Я хватаю Вилли, Бруно и еще парочку девчонок и мальчишек. После набега на продуктовый магазин и аптеку, с большими рюкзаками, груженными водой и защитными масками, мы спешим в Чертогу.

Часть у нас забирают — несут ближе к эпицентру взрыва тем, кто сейчас исследует обстановку и, возможно, разгребает завал. Нас туда не пускают. Мы обходим толпу людей, которая жмется к красной ленте оцепления, — полиция не пускает их ближе. Здесь тоже много дыма. И много слез. Мне жалко этих людей… У каждого из них на шахте были родные и близкие. Они сейчас мучаются неизвестностью…

Я ищу Кита и вскоре нахожу его.
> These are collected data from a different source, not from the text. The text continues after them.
(* Let $k$ be odd and, for $1\le m\le n$, let $C_m$ be the set of positions with exactly $m$ coordinates in $\{0,k-1\}$ and all other coordinates equal to $(k-1)/2$. Let $2\le t\le n-1$, let $I\subseteq\{1,\dots,n\}$ with $|I|=n-t$, let $c_l\in\{0,k-1\}$ for $l\in I$, and let $L=\{p\in M^n: p_l=c_l\ \forall l\in I\}$ be the corresponding external $t$-dimensional layer. For distinct $i,j\notin I$, let $\rho$ be the rotation of $L$: the permutation of $M^n$ sending each $p\in L$ to $\psi_{i,j}(p)$ and fixing all positions outside $L$. Then $\rho$ fixes every position of $C_m$ for every $m\le n-t$, and $\rho$ restricted to $C_{n-t+1}$ is an odd permutation of $C_{n-t+1}$.
   Context: $k\ge2$, $n\ge3$ integers, $M=\{0,\dots,k-1\}$, positions are elements of $M^n$. For distinct $i,j$, $\psi_{i,j}:M^n\to M^n$ is defined by $(\psi_{i,j}p)_i=k-1-p_j$, $(\psi_{i,j}p)_j=p_i$, $(\psi_{i,j}p)_l=p_l$ for $l\notin\{i,j\}$. *)

theory Defs
  imports Main "HOL-Combinatorics.Permutations"
begin

definition positions :: "nat \<Rightarrow> nat \<Rightarrow> (nat \<Rightarrow> nat) set" where
  "positions k n = {p. (\<forall>l\<in>{1..n}. p l < k) \<and> (\<forall>l. l \<notin> {1..n} \<longrightarrow> p l = 0)}"

definition psi :: "nat \<Rightarrow> nat \<Rightarrow> nat \<Rightarrow> (nat \<Rightarrow> nat) \<Rightarrow> (nat \<Rightarrow> nat)" where
  "psi k i j p = p(i := k - 1 - p j, j := p i)"

definition Cset :: "nat \<Rightarrow> nat \<Rightarrow> nat \<Rightarrow> (nat \<Rightarrow> nat) set" where
  "Cset k n m = {p \<in> positions k n.
      card {l\<in>{1..n}. p l = 0 \<or> p l = k - 1} = m \<and>
      (\<forall>l\<in>{1..n}. p l \<noteq> 0 \<and> p l \<noteq> k - 1 \<longrightarrow> p l = (k - 1) div 2)}"

definition layer :: "nat \<Rightarrow> nat \<Rightarrow> nat set \<Rightarrow> (nat \<Rightarrow> nat) \<Rightarrow> (nat \<Rightarrow> nat) set" where
  "layer k n I c = {p \<in> positions k n. \<forall>l\<in>I. p l = c l}"

definition rotation :: "nat \<Rightarrow> nat \<Rightarrow> nat set \<Rightarrow> (nat \<Rightarrow> nat) \<Rightarrow> nat \<Rightarrow> nat
    \<Rightarrow> (nat \<Rightarrow> nat) \<Rightarrow> (nat \<Rightarrow> nat)" where
  "rotation k n I c i j p = (if p \<in> layer k n I c then psi k i j p else p)"

definition restrict_perm :: "('a \<Rightarrow> 'a) \<Rightarrow> 'a set \<Rightarrow> 'a \<Rightarrow> 'a" where
  "restrict_perm f S = (\<lambda>x. if x \<in> S then f x else x)"

end

theory Submission
  imports Defs "HOL-Combinatorics.Cycles"
begin

text \<open>Every position of the layer \<open>L\<close> has an extreme coordinate (\<open>0\<close> or \<open>k - 1\<close>) at each
  \<open>l \<in> I\<close>. Hence a position of \<open>C\<^sub>m \<inter> L\<close> with \<open>m \<le> |I|\<close> has the centre value \<open>(k - 1) / 2\<close>
  at \<open>i\<close> and \<open>j\<close>, and \<open>\<psi>\<^bsub>i,j\<^esub>\<close> fixes it because \<open>k\<close> is odd. A position of
  \<open>C\<^bsub>|I|+1\<^esub> \<inter> L\<close> has exactly one further extreme coordinate \<open>e\<close>; it is fixed unless
  \<open>e \<in> {i, j}\<close>, and the four positions with \<open>e \<in> {i, j}\<close> form a single 4-cycle of
  \<open>\<psi>\<^bsub>i,j\<^esub>\<close>, an odd permutation.\<close>

lemma evenperm_cycle_of_list:
  assumes "distinct cs"
  shows "evenperm (cycle_of_list cs) \<longleftrightarrow> even (length cs - 1)"
  using assms
proof (induction cs rule: cycle_of_list.induct)
  case (1 i j cs)
  have "evenperm (cycle_of_list (i # j # cs))
      \<longleftrightarrow> (evenperm (Transposition.transpose i j) \<longleftrightarrow> evenperm (cycle_of_list (j # cs)))"
    by (simp only: cycle_of_list.simps(1) evenperm_comp permutation_swap_id permutation_of_cycle)
  also have "\<dots> \<longleftrightarrow> odd (length cs)"
    using 1 by (simp add: evenperm_swap)
  finally show ?case
    by (simp del: cycle_of_list.simps)
qed (simp_all add: evenperm_id)

definition extremes :: "nat \<Rightarrow> nat \<Rightarrow> (nat \<Rightarrow> nat) \<Rightarrow> nat set" where
  "extremes k n p = {l \<in> {1..n}. p l = 0 \<or> p l = k - 1}"

lemma mem_Cset_iff:
  "p \<in> Cset k n m \<longleftrightarrow> p \<in> positions k n \<and> card (extremes k n p) = m
     \<and> (\<forall>l \<in> {1..n}. l \<notin> extremes k n p \<longrightarrow> p l = (k - 1) div 2)"
  unfolding Cset_def extremes_def by simp

lemma centre_not_extreme:
  fixes k :: nat
  assumes "odd k" "1 < k"
  shows "(k - 1) div 2 \<noteq> 0" "(k - 1) div 2 \<noteq> k - 1" "(k - 1) div 2 < k"
  using assms by (auto elim!: oddE)

lemma subset_extremes_if_in_layer:
  assumes "I \<subseteq> {1..n}" "\<forall>l\<in>I. c l = 0 \<or> c l = k - 1" "p \<in> layer k n I c"
  shows "I \<subseteq> extremes k n p"
  using assms by (auto simp: layer_def extremes_def)

lemma reflect_centre:
  fixes k :: nat
  assumes "odd k"
  shows "k - 1 - (k - 1) div 2 = (k - 1) div 2"
  using assms by (auto elim!: oddE)

lemma psi_fixes_centred:
  assumes "odd k" "p i = (k - 1) div 2" "p j = (k - 1) div 2"
  shows "psi k i j p = p"
  using assms reflect_centre[OF \<open>odd k\<close>] by (auto simp: psi_def)

lemma rotation_fixes_Cset_le_card:
  assumes "odd k" "I \<subseteq> {1..n}" "\<forall>l\<in>I. c l = 0 \<or> c l = k - 1"
    and "i \<in> {1..n} - I" "j \<in> {1..n} - I"
    and "m \<le> card I" "p \<in> Cset k n m"
  shows "rotation k n I c i j p = p"
proof (cases "p \<in> layer k n I c")
  case True
  have I_sub: "I \<subseteq> extremes k n p"
    using subset_extremes_if_in_layer[OF assms(2,3) True] .
  moreover have "card (extremes k n p) \<le> card I"
    using assms(6,7) by (simp add: mem_Cset_iff)
  moreover have "finite (extremes k n p)"
    by (simp add: extremes_def)
  ultimately have "extremes k n p = I"
    by (metis card_seteq)
  with assms(4,5,7) have "p i = (k - 1) div 2" "p j = (k - 1) div 2"
    by (auto simp: mem_Cset_iff)
  with True \<open>odd k\<close> show ?thesis
    by (simp add: rotation_def psi_fixes_centred)
qed (simp add: rotation_def)

definition layer_point :: "nat \<Rightarrow> nat \<Rightarrow> nat set \<Rightarrow> (nat \<Rightarrow> nat) \<Rightarrow> nat \<Rightarrow> nat \<Rightarrow> nat \<Rightarrow> nat" where
  "layer_point k n I c e a =
     (\<lambda>l. if l \<in> I then c l else if l = e then a else if l \<in> {1..n} then (k - 1) div 2 else 0)"

lemma layer_point_in_layer_Cset:
  assumes "odd k" "1 < k" "I \<subseteq> {1..n}" "\<forall>l\<in>I. c l = 0 \<or> c l = k - 1"
    and "e \<in> {1..n} - I" "a = 0 \<or> a = k - 1"
  shows "layer_point k n I c e a \<in> layer k n I c"
    and "layer_point k n I c e a \<in> Cset k n (card I + 1)"
proof -
  note centre = centre_not_extreme[OF assms(1,2)]
  have pos: "layer_point k n I c e a \<in> positions k n"
    using assms centre by (auto simp: positions_def layer_point_def)
  then show "layer_point k n I c e a \<in> layer k n I c"
    by (simp add: layer_def layer_point_def)
  have "extremes k n (layer_point k n I c e a) = insert e I"
    using assms centre by (auto simp: extremes_def layer_point_def)
  moreover have "finite I"
    using assms(3) finite_subset by blast
  moreover have "\<forall>l \<in> {1..n}. l \<notin> insert e I \<longrightarrow> layer_point k n I c e a l = (k - 1) div 2"
    by (simp add: layer_point_def)
  ultimately show "layer_point k n I c e a \<in> Cset k n (card I + 1)"
    using pos assms(5) by (simp add: mem_Cset_iff)
qed

lemma layer_point_eq_iff:
  assumes "odd k" "1 < k"
    and "e \<in> {1..n} - I" "a = 0 \<or> a = k - 1"
    and "e' \<in> {1..n} - I" "a' = 0 \<or> a' = k - 1"
  shows "layer_point k n I c e a = layer_point k n I c e' a' \<longleftrightarrow> e = e' \<and> a = a'"
proof
  assume "layer_point k n I c e a = layer_point k n I c e' a'"
  then have "a = layer_point k n I c e' a' e"
    using assms(3) by (metis layer_point_def DiffD2)
  moreover have "layer_point k n I c e' a' e = (if e = e' then a' else (k - 1) div 2)"
    using assms(3) by (simp add: layer_point_def)
  ultimately show "e = e' \<and> a = a'"
    using assms(4) centre_not_extreme[OF assms(1,2)] by (auto split: if_splits)
qed simp

lemma layer_Cset_Suc_card_cases:
  assumes "I \<subseteq> {1..n}" "\<forall>l\<in>I. c l = 0 \<or> c l = k - 1"
    and "p \<in> layer k n I c" "p \<in> Cset k n (card I + 1)"
  obtains e where "e \<in> {1..n} - I" "p e = 0 \<or> p e = k - 1" "p = layer_point k n I c e (p e)"
proof -
  have I_sub: "I \<subseteq> extremes k n p"
    using subset_extremes_if_in_layer[OF assms(1-3)] .
  moreover have "finite I"
    using assms(1) finite_subset by blast
  moreover have "card (extremes k n p) = card I + 1"
    using assms(4) by (simp add: mem_Cset_iff)
  ultimately have "card (extremes k n p - I) = 1"
    by (simp add: card_Diff_subset)
  then obtain e where e: "extremes k n p - I = {e}"
    by (auto simp: card_Suc_eq)
  with I_sub have ext: "extremes k n p = insert e I"
    by auto
  have "p = layer_point k n I c e (p e)"
  proof
    fix l
    show "p l = layer_point k n I c e (p e) l"
      using assms(3,4) ext
      by (auto simp: layer_point_def layer_def mem_Cset_iff positions_def)
  qed
  with e ext show thesis
    using that by (auto simp: extremes_def)
qed

lemma psi_layer_point:
  assumes "odd k" "i \<in> {1..n} - I" "j \<in> {1..n} - I" "i \<noteq> j"
  shows "psi k i j (layer_point k n I c i a) = layer_point k n I c j a"
    and "psi k i j (layer_point k n I c j a) = layer_point k n I c i (k - 1 - a)"
    and "e \<notin> {i, j} \<Longrightarrow> psi k i j (layer_point k n I c e a) = layer_point k n I c e a"
proof -
  from assms reflect_centre[OF \<open>odd k\<close>]
  show "psi k i j (layer_point k n I c i a) = layer_point k n I c j a"
    and "psi k i j (layer_point k n I c j a) = layer_point k n I c i (k - 1 - a)"
    by (auto simp: psi_def layer_point_def fun_eq_iff)
  show "e \<notin> {i, j} \<Longrightarrow> psi k i j (layer_point k n I c e a) = layer_point k n I c e a"
    using assms by (intro psi_fixes_centred) (auto simp: layer_point_def)
qed

lemma restrict_rotation_Cset_Suc_card:
  assumes "odd k" "1 < k" "I \<subseteq> {1..n}" "\<forall>l\<in>I. c l = 0 \<or> c l = k - 1"
    and "i \<in> {1..n} - I" "j \<in> {1..n} - I" "i \<noteq> j"
  shows "restrict_perm (rotation k n I c i j) (Cset k n (card I + 1))
       = cycle_of_list [layer_point k n I c i 0, layer_point k n I c j 0,
                        layer_point k n I c i (k - 1), layer_point k n I c j (k - 1)]"
    (is "?rho = cycle_of_list [?ai, ?aj, ?bi, ?bj]")
proof
  fix p
  let ?cs = "[?ai, ?aj, ?bi, ?bj]"
  note psi_points = psi_layer_point[OF assms(1,5-7)]
  have "distinct ?cs"
    using assms by (simp add: layer_point_eq_iff)
  then have cycle: "cycle_of_list ?cs ?ai = ?aj" "cycle_of_list ?cs ?aj = ?bi"
    "cycle_of_list ?cs ?bi = ?bj" "cycle_of_list ?cs ?bj = ?ai"
    by auto
  have psi_cs: "psi k i j ?ai = ?aj" "psi k i j ?aj = ?bi" "psi k i j ?bi = ?bj" "psi k i j ?bj = ?ai"
    by (simp_all add: psi_points)
  show "?rho p = cycle_of_list ?cs p"
  proof (cases "p \<in> layer k n I c \<and> p \<in> Cset k n (card I + 1)")
    case True
    then have rho: "?rho p = psi k i j p"
      by (simp add: restrict_perm_def rotation_def)
    from True obtain e where e: "e \<in> {1..n} - I" "p e = 0 \<or> p e = k - 1"
      and p: "p = layer_point k n I c e (p e)"
      using layer_Cset_Suc_card_cases[OF assms(3,4)] by blast
    show ?thesis
    proof (cases "e \<in> {i, j}")
      case True
      with e p have "p \<in> set ?cs"
        by auto
      with rho psi_cs cycle show ?thesis
        by (auto simp del: cycle_of_list.simps)
    next
      case False
      with e assms have "p \<notin> set ?cs"
        by (subst p) (auto simp: layer_point_eq_iff)
      moreover have "psi k i j p = p"
        using False p psi_points(3) by metis
      ultimately show ?thesis
        using rho by (simp add: id_outside_supp del: cycle_of_list.simps)
    qed
  next
    case False
    with assms layer_point_in_layer_Cset[OF assms(1-4)] have "p \<notin> set ?cs"
      by auto
    with False show ?thesis
      by (auto simp: restrict_perm_def rotation_def id_outside_supp simp del: cycle_of_list.simps)
  qed
qed

theorem mainTheorem11:
  fixes k n t :: nat and I :: "nat set" and c :: "nat \<Rightarrow> nat" and i j :: nat
  assumes "k \<ge> 2" and "n \<ge> 3" and "odd k"
    and "2 \<le> t" and "t \<le> n - 1"
    and "I \<subseteq> {1..n}" and "card I = n - t"
    and "\<forall>l\<in>I. c l = 0 \<or> c l = k - 1"
    and "i \<in> {1..n} - I" and "j \<in> {1..n} - I" and "i \<noteq> j"
  shows "(\<forall>m. 1 \<le> m \<and> m \<le> n - t \<longrightarrow>
            (\<forall>p\<in>Cset k n m. rotation k n I c i j p = p))
       \<and> restrict_perm (rotation k n I c i j) (Cset k n (n - t + 1)) permutes Cset k n (n - t + 1)
       \<and> \<not> evenperm (restrict_perm (rotation k n I c i j) (Cset k n (n - t + 1)))"
proof -
  have "1 < k"
    using assms(1) by simp
  let ?cs = "[layer_point k n I c i 0, layer_point k n I c j 0,
              layer_point k n I c i (k - 1), layer_point k n I c j (k - 1)]"
  have rho: "restrict_perm (rotation k n I c i j) (Cset k n (n - t + 1)) = cycle_of_list ?cs"
    using restrict_rotation_Cset_Suc_card[OF assms(3) \<open>1 < k\<close> assms(6,8-11)] assms(7) by simp
  have "set ?cs \<subseteq> Cset k n (n - t + 1)"
    using layer_point_in_layer_Cset(2)[OF assms(3) \<open>1 < k\<close> assms(6,8)] assms(7,9,10) by auto
  then have "cycle_of_list ?cs permutes Cset k n (n - t + 1)"
    using cycle_permutes permutes_subset by blast
  moreover have "\<not> evenperm (cycle_of_list ?cs)"
    using assms(9-11) \<open>1 < k\<close> \<open>odd k\<close>
    by (simp add: evenperm_cycle_of_list layer_point_eq_iff del: cycle_of_list.simps)
  moreover have "\<forall>m. 1 \<le> m \<and> m \<le> n - t \<longrightarrow> (\<forall>p\<in>Cset k n m. rotation k n I c i j p = p)"
    using rotation_fixes_Cset_le_card[OF assms(3,6,8-10)] assms(7) by auto
  ultimately show ?thesis
    using rho by simp
qed

end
Бросаю на него беглый взгляд и по его глазам понимаю, что беда не обошла его стороной — его родные там, на шахте.

Бросаюсь к нему на шею. Не могу подобрать нужных слов, чтобы успокоить его. Так хочется взять себе хотя бы немного его боли и терзаний. С трудом отлипаю от него — меня тут ждет работа…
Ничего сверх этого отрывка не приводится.